§ WHAT THIS TASK INVOLVES: Which lines of the data contain the string "interpretation"? Copy every one.

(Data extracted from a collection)
(* Let $n \ge 1$ and $K \ge 1$ be integers and let $M_0, M_1, \dots, M_{K-1}$ be $n \times n$ real matrices with nonnegative entries. For real $\tau > 0$ define $$M(\tau) = (M_0 + \tau I)(M_1 + \tau I)\cdots(M_{K-1} + \tau I),$$ where $I$ is the $n\times n$ identity matrix, and assume that $M(\tau)$ is irreducible and aperiodic (primitive) for every $\tau > 0$. For $\tau>0$ let $v(\tau) \in [0,1]^n$ denote the principal (Perron) eigenvector of $M(\tau)$, i.e. the unique eigenvector of $M(\tau)$ for its spectral radius whose entries are nonnegative and sum to $1$. Then the map $(0,\infty) \ni \tau \mapsto v(\tau) \in [0,1]^n$ (which is real-analytic) extends continuously to $\tau = 0$; that is, the limit $\lim_{\tau \to 0^+} v(\tau)$ exists.
   Context: An $n\times n$ nonnegative matrix is irreducible if its associated directed graph (edge $i\to j$ iff entry $(i,j)>0$) is strongly connected, and aperiodic if in addition the gcd of the lengths of its cycles is $1$. By Perron–Frobenius theory such a matrix has a simple positive real eigenvalue equal to its spectral radius, with an eigenvector having positive entries, unique up to scaling. Note that the unperturbed product $M_0M_1\cdots M_{K-1}$ itself need not be irreducible or aperiodic (it may even be the zero matrix). *)

theory Defs
  imports "HOL-Analysis.Analysis"
begin

definition nonneg_mat :: "real^'n^'n \<Rightarrow> bool" where
  "nonneg_mat A \<longleftrightarrow> (\<forall>i j. A $ i $ j \<ge> 0)"

definition mat_graph :: "real^'n^'n \<Rightarrow> ('n \<times> 'n) set" where
  "mat_graph A = {(i, j). A $ i $ j > 0}"

definition irreducible_mat :: "real^'n^'n \<Rightarrow> bool" where
  "irreducible_mat A \<longleftrightarrow> nonneg_mat A \<and> (\<forall>i j. (i, j) \<in> (mat_graph A)\<^sup>*)"

definition cycle_lengths :: "real^'n^'n \<Rightarrow> nat set" where
  "cycle_lengths A = {k. k > 0 \<and> (\<exists>i. (i, i) \<in> mat_graph A ^^ k)}"
definition bcp_mul_term :: "complex \<Rightarrow> z2 \<times> int \<times> int \<Rightarrow> z2 \<times> int \<times> int \<Rightarrow> complex \<Rightarrow> complex \<Rightarrow> bcp" where
  "bcp_mul_term q a b c d = (case (a, b) of ((i, h), (j, g)) \<Rightarrow>
     (\<Sum>e\<in>{Z0, Z1}. Poly_Mapping.single (e, (fst h + fst g, snd h + snd g))
        (c * d * (zdelta i e * zdelta j e * sigma q h g e))))"

lemma bcp_mul_pm_sum: "bcp_mul q x y = pm_sum (\<lambda>a c. pm_sum (\<lambda>b d. bcp_mul_term q a b c d) y) x"
  by (simp add: bcp_mul_def pm_sum_def bcp_mul_term_def)

lemma bcp_mul_term_single: "bcp_mul_term q (i, k, l) (j, m, n) c d =
   (if i = j then Poly_Mapping.single (i, k + m, l + n) (c * d * bcp_cocycle q i k l m n) else 0)"
  by (cases i; cases j)
     (simp_all add: bcp_mul_term_def zdelta_def sigma_def sigma_q_eq_power sigma_exponent_coboundary
       bcp_cocycle_def)

lemma bcp_mul_term_zero: "bcp_mul_term q a b 0 d = 0" "bcp_mul_term q a b c 0 = 0"
  by (simp_all add: bcp_mul_term_def split: prod.split)

lemma bcp_mul_term_add:
  "bcp_mul_term q a b (c + c') d = bcp_mul_term q a b c d + bcp_mul_term q a b c' d"
  "bcp_mul_term q a b c (d + d') = bcp_mul_term q a b c d + bcp_mul_term q a b c d'"
  by (simp_all add: bcp_mul_term_def distrib_left distrib_right single_add sum.distrib split: prod.split)

lemma bcp_mul_add_left: "bcp_mul q (x + x') y = bcp_mul q x y + bcp_mul q x' y"
  unfolding bcp_mul_pm_sum
proof (rule pm_sum_add)
  show "pm_sum (\<lambda>b d. bcp_mul_term q a b 0 d) y = 0" for a
    by (simp add: pm_sum_def bcp_mul_term_zero)
  show "pm_sum (\<lambda>b d'. bcp_mul_term q a b (c + d) d') y
      = pm_sum (\<lambda>b d. bcp_mul_term q a b c d) y + pm_sum (\<lambda>b d'. bcp_mul_term q a b d d') y" for a c d
    by (simp add: bcp_mul_term_add pm_sum_plus_fun)
qed

lemma bcp_mul_add_right: "bcp_mul q x (y + y') = bcp_mul q x y + bcp_mul q x y'"
proof -
  have "pm_sum (\<lambda>b d. bcp_mul_term q a b c d) (y + y')
      = pm_sum (\<lambda>b d. bcp_mul_term q a b c d) y + pm_sum (\<lambda>b d. bcp_mul_term q a b c d) y'" for a c
    by (rule pm_sum_add) (simp_all add: bcp_mul_term_zero bcp_mul_term_add)
  then show ?thesis unfolding bcp_mul_pm_sum by (simp only: pm_sum_plus_fun)
qed

interpretation bcp_mul_left: additive "\<lambda>x. bcp_mul q x y" for q y
  by unfold_locales (rule bcp_mul_add_left)

interpretation bcp_mul_right: additive "\<lambda>y. bcp_mul q x y" for q x
  by unfold_locales (rule bcp_mul_add_right)

lemma bcp_mul_zero [simp]: "bcp_mul q 0 y = 0" "bcp_mul q x 0 = 0"
  by (simp_all add: bcp_mul_def)

lemma bcp_mul_single: "bcp_mul q (Poly_Mapping.single (i, k, l) c) (Poly_Mapping.single (j, m, n) d) =
   (if i = j then Poly_Mapping.single (i, k + m, l + n) (c * d * bcp_cocycle q i k l m n) else 0)"
  unfolding bcp_mul_pm_sum by (simp add: pm_sum_single bcp_mul_term_zero pm_sum_def bcp_mul_term_single)

lemma bcp_mul_assoc: "q \<noteq> 0 \<Longrightarrow> bcp_mul q (bcp_mul q x y) z = bcp_mul q x (bcp_mul q y z)"
proof (induction x rule: poly_mapping_induct_triple)
  case (single i k l c)
  then show ?case
  proof (induction y rule: poly_mapping_induct_triple)
    case (single j m n d)
    then show ?case
    proof (induction z rule: poly_mapping_induct_triple)
      case (single t u v f)
      then show ?case using bcp_cocycle_assoc[of q t k l m n u v]
        by (simp add: bcp_mul_single ac_simps)
    qed (simp_all add: bcp_mul_add_left bcp_mul_add_right)
  qed (simp_all add: bcp_mul_add_left bcp_mul_add_right)
qed (simp_all add: bcp_mul_add_left bcp_mul_add_right)

lemma bcp_mul_one_left: "bcp_mul q bcp_one x = x"
proof (induction x rule: poly_mapping_induct_triple)
  case (single j m n c)
  show ?case by (cases j) (simp_all add: bcp_one_def bcp_mul_add_left bcp_mul_single bcp_cocycle_def)
qed (simp_all add: bcp_mul_add_right)
lemma shifted_jacobi_comb_jets:
  defines "P0 \<equiv> pochhammer (a + 1) n" and "P1 \<equiv> (-1) ^ n * pochhammer (b + 1) n"
  shows "poly (shifted_jacobi_comb n a b r2 r1 r0) 0 = P0 * r0"
    and "poly (pderiv (shifted_jacobi_comb n a b r2 r1 r0)) 0
      = P0 * (r1 * (a + 1 + real n) - r0 * (real n + a + b + 1) * real n) / (a + 1)"
    and "poly (shifted_jacobi_comb n a b r2 r1 r0) 1 = P1 * (r2 + r1 + r0)"
    and "poly (pderiv (shifted_jacobi_comb n a b r2 r1 r0)) 1
      = P1 * (r2 * (2 * (b + 1) + (real n + a + b + 3) * real n)
          + r1 * (b + 1 + (real n + a + b + 2) * real n)
          + r0 * (real n + a + b + 1) * real n) / (b + 1)"
      (is "_ = ?D1")
proof -
  let ?S = "shifted_jacobi_comb n a b r2 r1 r0"
  let ?J = "\<lambda>c. jacobi_poly n c b"
  have J0: "fact n * poly (?J a) 0 = P0"
    "(a + 1) * (fact n * poly (?J (a + 1)) 0) = P0 * (a + 1 + real n)"
    "(a + 1) * (fact n * poly (pderiv (?J a)) 0) = - (real n + a + b + 1) * real n * P0"
    using fact_poly_jacobi_poly_0[of n "a + 1" b] fact_poly_pderiv_jacobi_poly_0[of a n b]
      pochhammer_rec[of "a + 1" n] pochhammer_Suc[of "a + 1" n]
    by (simp_all add: P0_def fact_poly_jacobi_poly_0 add.assoc)
  have J1: "fact n * poly (?J c) 1 = P1"
    "(b + 1) * (fact n * poly (pderiv (?J c)) 1) = (real n + c + b + 1) * real n * P1" for c
    using fact_poly_jacobi_poly_1[of n c b] fact_poly_pderiv_jacobi_poly_1[of b n c]
    by (simp_all add: P1_def)
  note defs = shifted_jacobi_comb_def pderiv_add pderiv_smult pderiv_mult pderiv_pCons
  show "poly ?S 0 = P0 * r0"
    using J0 by (simp add: shifted_jacobi_comb_def algebra_simps)
  show "poly ?S 1 = P1 * (r2 + r1 + r0)"
    using J1 by (simp add: shifted_jacobi_comb_def algebra_simps)
  have "(a + 1) * poly (pderiv ?S) 0
      = r1 * ((a + 1) * (fact n * poly (?J (a + 1)) 0))
        + r0 * ((a + 1) * (fact n * poly (pderiv (?J a)) 0))"
    by (simp add: defs algebra_simps)
  then show "poly (pderiv ?S) 0
      = P0 * (r1 * (a + 1 + real n) - r0 * (real n + a + b + 1) * real n) / (a + 1)"
    unfolding J0 using a by (simp add: eq_divide_eq algebra_simps)
  have "(b + 1) * poly (pderiv ?S) 1
      = r2 * (2 * (b + 1) * (fact n * poly (?J (a + 2)) 1)
          + (b + 1) * (fact n * poly (pderiv (?J (a + 2))) 1))
        + r1 * ((b + 1) * (fact n * poly (?J (a + 1)) 1)
          + (b + 1) * (fact n * poly (pderiv (?J (a + 1))) 1))
        + r0 * ((b + 1) * (fact n * poly (pderiv (?J a)) 1))"
    by (simp add: defs algebra_simps)
  then show "poly (pderiv ?S) 1 = ?D1"
    unfolding J1 using b by (simp add: eq_divide_eq algebra_simps)
qed
lemma istopology_quot_top:
  "istopology (\<lambda>U. U \<subseteq> quot_proj X le ` topspace X \<and> openin X {x \<in> topspace X. quot_proj X le x \<in> U})"
  unfolding istopology_def
proof (rule conjI; intro allI impI)
  fix S T
  assume "S \<subseteq> quot_proj X le ` topspace X \<and> openin X {x \<in> topspace X. quot_proj X le x \<in> S}"
    and "T \<subseteq> quot_proj X le ` topspace X \<and> openin X {x \<in> topspace X. quot_proj X le x \<in> T}"
  moreover have "{x \<in> topspace X. quot_proj X le x \<in> S \<inter> T}
      = {x \<in> topspace X. quot_proj X le x \<in> S} \<inter> {x \<in> topspace X. quot_proj X le x \<in> T}"
    by blast
  ultimately show "S \<inter> T \<subseteq> quot_proj X le ` topspace X \<and>
      openin X {x \<in> topspace X. quot_proj X le x \<in> S \<inter> T}"
    by auto
next
  fix K
  assume K: "\<forall>S\<in>K. S \<subseteq> quot_proj X le ` topspace X \<and> openin X {x \<in> topspace X. quot_proj X le x \<in> S}"
  have "{x \<in> topspace X. quot_proj X le x \<in> \<Union>K} = (\<Union>S\<in>K. {x \<in> topspace X. quot_proj X le x \<in> S})"
    by blast
  then show "\<Union>K \<subseteq> quot_proj X le ` topspace X \<and> openin X {x \<in> topspace X. quot_proj X le x \<in> \<Union>K}"
    using K by auto
qed

lemma openin_quot_top:
  "openin (quot_top X le) U \<longleftrightarrow>
     U \<subseteq> quot_proj X le ` topspace X \<and> openin X {x \<in> topspace X. quot_proj X le x \<in> U}"
  unfolding quot_top_def by (simp only: topology_inverse'[OF istopology_quot_top])

lemma topspace_quot_top: "topspace (quot_top X le) = quot_proj X le ` topspace X"
proof (rule subset_antisym)
  show "topspace (quot_top X le) \<subseteq> quot_proj X le ` topspace X"
    using openin_quot_top openin_topspace by blast
  have "{x \<in> topspace X. quot_proj X le x \<in> quot_proj X le ` topspace X} = topspace X"
    by blast
  then show "quot_proj X le ` topspace X \<subseteq> topspace (quot_top X le)"
    using openin_subset[of "quot_top X le"] by (simp add: openin_quot_top)
qed

lemma continuous_map_quot_proj: "continuous_map X (quot_top X le) (quot_proj X le)"
  by (auto simp: continuous_map_def openin_quot_top topspace_quot_top)

lemma continuous_map_from_quot_top:
  assumes "continuous_map X Z (\<lambda>x. h (quot_proj X le x))"
  shows "continuous_map (quot_top X le) Z h"
  unfolding continuous_map_def
proof (intro conjI allI impI)
  show "h \<in> topspace (quot_top X le) \<rightarrow> topspace Z"
    using assms by (auto simp: topspace_quot_top continuous_map_def)
  fix V assume "openin Z V"
  then have "openin X {x \<in> topspace X. h (quot_proj X le x) \<in> V}"
    using assms by (simp add: continuous_map_def)
  moreover have "{x \<in> topspace X. quot_proj X le x \<in> {c \<in> topspace (quot_top X le). h c \<in> V}}
      = {x \<in> topspace X. h (quot_proj X le x) \<in> V}"
    by (auto simp: topspace_quot_top)
  ultimately show "openin (quot_top X le) {c \<in> topspace (quot_top X le). h c \<in> V}"
    by (auto simp: openin_quot_top topspace_quot_top)
qed

lemma quot_proj_self: "preorder_on (topspace X) le \<Longrightarrow> x \<in> topspace X \<Longrightarrow> x \<in> quot_proj X le x"
  by (auto simp: quot_proj_def equiv_of_def preorder_on_def)

lemma quot_projD: "y \<in> quot_proj X le x \<Longrightarrow> y \<in> topspace X \<and> le x y \<and> le y x"
  by (simp add: quot_proj_def equiv_of_def)

lemma quot_proj_eq_iff:
  assumes po: "preorder_on (topspace X) le" and x: "x \<in> topspace X" and y: "y \<in> topspace X"
  shows "quot_proj X le x = quot_proj X le y \<longleftrightarrow> le x y \<and> le y x"
proof
  assume "quot_proj X le x = quot_proj X le y"
  then show "le x y \<and> le y x"
    using quot_projD[of x X le y] quot_proj_self[OF po x] by simp
next
  assume "le x y \<and> le y x"
  then have "le x z \<and> le z x \<longleftrightarrow> le y z \<and> le z y" if "z \<in> topspace X" for z
    using po x y that unfolding preorder_on_def by meson
  then show "quot_proj X le x = quot_proj X le y"
    by (auto simp: quot_proj_def equiv_of_def)
qed

lemma quot_le_quot_proj_iff:
  assumes po: "preorder_on (topspace X) le" and x: "x \<in> topspace X" and y: "y \<in> topspace X"
  shows "quot_le le (quot_proj X le x) (quot_proj X le y) \<longleftrightarrow> le x y"
proof
  assume "quot_le le (quot_proj X le x) (quot_proj X le y)"
  then obtain a b where "a \<in> quot_proj X le x" "b \<in> quot_proj X le y" "le a b"
    unfolding quot_le_def by blast
  then show "le x y"
    using po x y quot_projD[of a X le x] quot_projD[of b X le y] unfolding preorder_on_def by meson
next
  assume "le x y"
  then show "quot_le le (quot_proj X le x) (quot_proj X le y)"
    unfolding quot_le_def using quot_proj_self[OF po x] quot_proj_self[OF po y] by blast
qed

lemma quot_lift_quot_proj:
  assumes po: "preorder_on (topspace X) le" and x: "x \<in> topspace X"
    and g: "\<And>y. y \<in> topspace X \<Longrightarrow> le x y \<Longrightarrow> le y x \<Longrightarrow> g y = g x"
  shows "quot_lift g (quot_proj X le x) = g x"
proof -
  define z where "z = (SOME y. y \<in> quot_proj X le x)"
  have "z \<in> quot_proj X le x"
    unfolding z_def using quot_proj_self[OF po x] by (rule someI)
  then have "z \<in> topspace X \<and> le x z \<and> le z x"
    by (rule quot_projD)
  then have "g z = g x"
    by (intro g) auto
  then show ?thesis
    by (simp add: quot_lift_def flip: z_def)
qed

lemma continuous_map_quot_lift:
  assumes po: "preorder_on (topspace X) le" and g: "continuous_map X Z g"
    and const: "\<And>x y. x \<in> topspace X \<Longrightarrow> y \<in> topspace X \<Longrightarrow> le x y \<Longrightarrow> le y x \<Longrightarrow> g y = g x"
  shows "continuous_map (quot_top X le) Z (quot_lift g)"
proof (rule continuous_map_from_quot_top, rule continuous_map_eq[OF g])
  fix x assume x: "x \<in> topspace X"
  show "g x = quot_lift g (quot_proj X le x)"
    using quot_lift_quot_proj[OF po x, of g] const[OF x] by simp
qed

section \<open>Families of real-valued functions\<close>

lemma embedding_map_by_preimages:
  assumes f: "continuous_map X Y f" "inj_on f (topspace X)"
    and pre: "\<And>W. openin X W \<Longrightarrow> \<exists>V. openin Y V \<and> W = {x \<in> topspace X. f x \<in> V}"
  shows "embedding_map X Y f"
  unfolding embedding_map_def homeomorphic_map_def quotient_map_def
proof (intro conjI allI impI)
  show "f ` topspace X = topspace (subtopology Y (f ` topspace X))"
    using f(1) continuous_map_image_subset_topspace by fastforce
  show "inj_on f (topspace X)"
    by (fact f(2))
  fix U assume "U \<subseteq> topspace (subtopology Y (f ` topspace X))"
  then have U: "U \<subseteq> f ` topspace X"
    by auto
  show "openin X {x \<in> topspace X. f x \<in> U} = openin (subtopology Y (f ` topspace X)) U"
  proof
    assume "openin X {x \<in> topspace X. f x \<in> U}"
    then obtain V where "openin Y V" "{x \<in> topspace X. f x \<in> U} = {x \<in> topspace X. f x \<in> V}"
      using pre by blast
    moreover from this(2) U have "U = f ` topspace X \<inter> V"
      by blast
    ultimately show "openin (subtopology Y (f ` topspace X)) U"
      by (auto simp: openin_subtopology)
  next
    assume "openin (subtopology Y (f ` topspace X)) U"
    then obtain V where "openin Y V" "U = V \<inter> f ` topspace X"
      by (auto simp: openin_subtopology)
    moreover from this(2) have "{x \<in> topspace X. f x \<in> U} = {x \<in> topspace X. f x \<in> V}"
      by blast
    ultimately show "openin X {x \<in> topspace X. f x \<in> U}"
      using f(1) by (simp add: continuous_map_def)
  qed
qed

lemma generate_topology_on_preimage:
  assumes "generate_topology_on S W"
    and basis: "\<And>s. s \<in> S \<Longrightarrow> \<exists>V. openin Y V \<and> s \<inter> T = {x \<in> T. f x \<in> V}"
  shows "\<exists>V. openin Y V \<and> W \<inter> T = {x \<in> T. f x \<in> V}"
  using assms(1)
proof (induction rule: generate_topology_on.induct)
  case Empty
  show ?case
    by (intro exI[of _ "{}"]) auto
next
  case (Int a b)
  then obtain Va Vb where "openin Y Va" "a \<inter> T = {x \<in> T. f x \<in> Va}"
    "openin Y Vb" "b \<inter> T = {x \<in> T. f x \<in> Vb}"
    by blast
  then show ?case
    by (intro exI[of _ "Va \<inter> Vb"]) auto
next
  case (UN K)
  then obtain V where V: "\<And>k. k \<in> K \<Longrightarrow> openin Y (V k) \<and> k \<inter> T = {x \<in> T. f x \<in> V k}"
    by metis
  then have "\<Union>K \<inter> T = {x \<in> T. f x \<in> (\<Union>k\<in>K. V k)}"
    by blast
  moreover have "openin Y (\<Union>k\<in>K. V k)"
    using V by blast
  ultimately show ?case
    by blast
next
  case (Basis s)
  then show ?case
    by (rule basis)
qed

lemma embedding_map_into_generated:
  assumes X: "X = topology_generated_by S"
    and f: "continuous_map X Y f" "inj_on f (topspace X)"
    and basis: "\<And>s. s \<in> S \<Longrightarrow> \<exists>V. openin Y V \<and> s \<inter> topspace X = {x \<in> topspace X. f x \<in> V}"
  shows "embedding_map X Y f"
proof (rule embedding_map_by_preimages[OF f])
  fix W assume W: "openin X W"
  then have "openin (topology_generated_by S) W"
    by (simp only: X)
  then have "generate_topology_on S W"
    by (rule openin_topology_generated_by)
  then obtain V where "openin Y V" "W \<inter> topspace X = {x \<in> topspace X. f x \<in> V}"
    using generate_topology_on_preimage[OF _ basis] by blast
  moreover have "W \<inter> topspace X = W"
    using openin_subset[OF W] by blast
  ultimately show "\<exists>V. openin Y V \<and> W = {x \<in> topspace X. f x \<in> V}"
    by auto
qed

lemma Hausdorff_space_separating_functions:
  assumes cont: "\<And>i. i \<in> I \<Longrightarrow> continuous_map Y euclideanreal (\<phi> i)"
    and sep: "\<And>d e. d \<in> topspace Y \<Longrightarrow> e \<in> topspace Y \<Longrightarrow> d \<noteq> e \<Longrightarrow> \<exists>i\<in>I. \<phi> i d \<noteq> \<phi> i e"
  shows "Hausdorff_space Y"
  unfolding Hausdorff_space_def
proof (intro allI impI)
  fix d e assume de: "d \<in> topspace Y \<and> e \<in> topspace Y \<and> d \<noteq> e"
  then obtain i where i: "i \<in> I" "\<phi> i d \<noteq> \<phi> i e"
    using sep by blast
  have opn: "openin Y {x \<in> topspace Y. \<phi> i x \<in> A}" if "open A" for A
    using openin_continuous_map_preimage[OF cont[OF i(1)]] that by simp
  have "\<exists>A B. open A \<and> open B \<and> \<phi> i d \<in> A \<and> \<phi> i e \<in> B \<and> A \<inter> B = {}"
    using i(2) hausdorff by blast
  then obtain A B where "open A" "open B" "\<phi> i d \<in> A" "\<phi> i e \<in> B" "A \<inter> B = {}"
    by blast
  then show "\<exists>U V. openin Y U \<and> openin Y V \<and> d \<in> U \<and> e \<in> V \<and> disjnt U V"
    using opn de by (intro exI[of _ "{x \<in> topspace Y. \<phi> i x \<in> A}"] exI[of _ "{x \<in> topspace Y. \<phi> i x \<in> B}"])
      (auto simp: disjnt_def)
qed

lemma closedin_graph_rel_functions:
  assumes cont: "\<And>i. i \<in> I \<Longrightarrow> continuous_map Y euclideanreal (\<phi> i)"
    and R: "\<And>d e. d \<in> topspace Y \<Longrightarrow> e \<in> topspace Y \<Longrightarrow> R d e \<longleftrightarrow> (\<forall>i\<in>I. \<phi> i d \<le> \<phi> i e)"
  shows "closedin (prod_topology Y Y) (graph_rel Y R)"
proof -
  have eq: "graph_rel Y R = topspace (prod_topology Y Y) \<inter>
      (\<Inter>i\<in>I. {z \<in> topspace (prod_topology Y Y). \<phi> i (fst z) \<le> \<phi> i (snd z)})"
    using R by (auto simp: graph_rel_def)
  have cl: "closedin (prod_topology Y Y) {z \<in> topspace (prod_topology Y Y). \<phi> i (fst z) \<le> \<phi> i (snd z)}"
    if "i \<in> I" for i
  proof -
    have "continuous_map (prod_topology Y Y) euclideanreal (\<lambda>z. \<phi> i (snd z) - \<phi> i (fst z))"
      using continuous_map_compose[OF continuous_map_snd cont[OF that]]
        continuous_map_compose[OF continuous_map_fst cont[OF that]]
      by (intro continuous_map_diff) (simp_all add: o_def)
    from closedin_continuous_map_preimage[OF this, of "{0..}"] show ?thesis
      by simp
  qed
  show ?thesis
    unfolding eq
  proof (cases "I = {}")
    case True
    then show "closedin (prod_topology Y Y) (topspace (prod_topology Y Y) \<inter>
        (\<Inter>i\<in>I. {z \<in> topspace (prod_topology Y Y). \<phi> i (fst z) \<le> \<phi> i (snd z)}))"
      by (simp only: INT_empty Int_UNIV_right closedin_topspace)
  qed (intro closedin_Int closedin_topspace closedin_INT cl)
qed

§ TASK SOLUTION:
interpretation bcp_mul_left: additive "\<lambda>x. bcp_mul q x y" for q y
interpretation bcp_mul_right: additive "\<lambda>y. bcp_mul q x y" for q x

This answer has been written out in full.